(Bangkok) – Le nouveau Premier ministre du Cambodge n’a pas apporté de changements positifs en matière de droits humains dans le pays, a déclaré aujourd’hui Human Rights Watch dans son Rapport mondial 2024. La situation des droits humains au Cambodge s'est aggravée en 2023 lorsque le Parti du peuple cambodgien, au pouvoir, a renforcé son contrôle sur le pouvoir judiciaire et d'autres institutions de l'État, a saboté les élections nationales de juillet en empêchant la participation du principal parti d'opposition, a fermé les médias indépendants et a ciblé les critiques en les harcelant, en les détenant et en exerçant des violences physiques. Le 22 août, Hun Sen, qui dirigeait le Cambodge en tant que Premier ministre depuis 1985, a cédé la place à son fils, Hun Manet. Hun Sen reste à la tête du parti au pouvoir et préside le Sénat.
« La transition politique amorcée par l’entrée en fonction du Premier ministre Hun Manet revient à ‘mettre du vieux vin dans une nouvelle bouteille’, s’agissant des droits humains et des libertés démocratiques au Cambodge », a déclaré Phil Robertson, directeur adjoint de la division Asie à Human Rights Watch. « Les partenaires commerciaux et humanitaires du Cambodge devraient envoyer des messages clairs indiquant que leur engagement futur avec le gouvernement reflètera sa décision d’entreprendre ou non de véritables efforts pour améliorer la situation des droits humains dans le pays. »
Dans son Rapport mondial 2024, sa 34e édition qui compte 740 pages, Human Rights Watch analyse les pratiques en matière de droits humains dans plus de 100 pays. Dans son essai introductif, la directrice exécutive Tirana Hassan affirme que 2023 a été une année lourde de conséquences, non seulement à cause de la répression des droits humains et des atrocités liées aux conflits armés, mais aussi en raison de l’indignation sélective et de la diplomatie transactionnelle.
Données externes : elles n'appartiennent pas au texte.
lemma remainder_support_below:
  fixes c D :: "'a::field fls"
  assumes D: "D $$ h \<noteq> 0" "{k. D $$ k \<noteq> 0} \<subseteq> {d..h}"
    and c: "{k. c $$ k \<noteq> 0} \<subseteq> {0..b}"
  shows "\<exists>q\<in>laurent_polys. {k. (c - D * q) $$ k \<noteq> 0} \<subseteq> {0..<h - d}"
  using c
proof (induction "nat (b - (h - d) + 1)" arbitrary: b c rule: less_induct)
  case less
  show ?case
  proof (cases "b < h - d")
    case True
    have "{k. (c - D * 0) $$ k \<noteq> 0} \<subseteq> {0..b}" using less.prems by simp
    also have "\<dots> \<subseteq> {0..<h - d}" using True by auto
    finally show ?thesis by (intro bexI[of _ 0]) auto
  next
    case False
    obtain q where q: "q \<in> laurent_polys" "(c - D * q) $$ b = 0"
      "\<And>n. (c - D * q) $$ n \<noteq> 0 \<Longrightarrow> c $$ n \<noteq> 0 \<or> D $$ (n - b + h) \<noteq> 0"
      using fls_eliminate_coeff[OF D(1)] by blast
    have "{k. (c - D * q) $$ k \<noteq> 0} \<subseteq> {0..b - 1}"
    proof
      fix n assume "n \<in> {k. (c - D * q) $$ k \<noteq> 0}"
      then have nz: "(c - D * q) $$ n \<noteq> 0" by simp
      then have "n \<noteq> b" using q(2) by auto
      moreover have "n \<in> {0..b} \<or> n - b + h \<in> {d..h}"
        using q(3)[OF nz] less.prems D(2) by blast
      ultimately show "n \<in> {0..b - 1}" using False by auto
    qed
    moreover have "nat (b - 1 - (h - d) + 1) < nat (b - (h - d) + 1)" using False by simp
    ultimately obtain q' where "q' \<in> laurent_polys"
      "{k. (c - D * q - D * q') $$ k \<noteq> 0} \<subseteq> {0..<h - d}"
      using less.hyps by blast
    then show ?thesis
      using q(1) by (intro bexI[of _ "q + q'"]) (auto simp: algebra_simps)
  qed
qed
Ces pratiques gouvernementales, indique-t-elle, ont profondément porté atteinte aux droits de tous ceux restés en marge de « deals » inavoués. Une voie différente et porteuse d’espoir est possible, affirme-t-elle cependant, appelant les gouvernements à rester cohérents en respectant leurs obligations en matière de droits humains.
Le 15 mai, la Commission électorale nationale, contrôlée par le gouvernement, a interdit au principal parti d'opposition, le Candlelight Party, de présenter des candidats aux élections de juillet pour des raisons fallacieuses et politiquement motivées, garantissant ainsi que les élections ne seraient pas un processus démocratique significatif.
Le Rapporteur spécial de l'ONU sur la situation des droits de l'homme au Cambodge a déclaré qu'il y avait un « besoin urgent de réformes globales » et a identifié des obstacles importants qui auraient pu affecter les élections de 2023, notamment des tentatives d'influencer négativement le vote, la disqualification de candidats, le harcèlement de membres de l'opposition, et des préoccupations concernant l’indépendance de la Commission électorale nationale.
Les attaques contre l’opposition et les critiques du gouvernement ont continué après les élections et présentaient des similitudes avec des attaques signalées plus tôt en 2023 contre des membres du Candlelight Party, qui n'ont jamais fait l'objet d'une enquête sérieuse.
Le 3 mars, un tribunal a déclaré Kem Sokha, chef de l'opposition politique, coupable de trahison et l'a condamné à 27 ans de prison, suspendant indéfiniment ses droits politiques de vote et d'éligibilité. Des experts des Nations Unies ont déclaré que cette condamnation « politiquement motivée » fournissait « une preuve supplémentaire d'une tendance continue à une mauvaise application des lois visant à cibler les opposants politiques et tout critique du gouvernement ».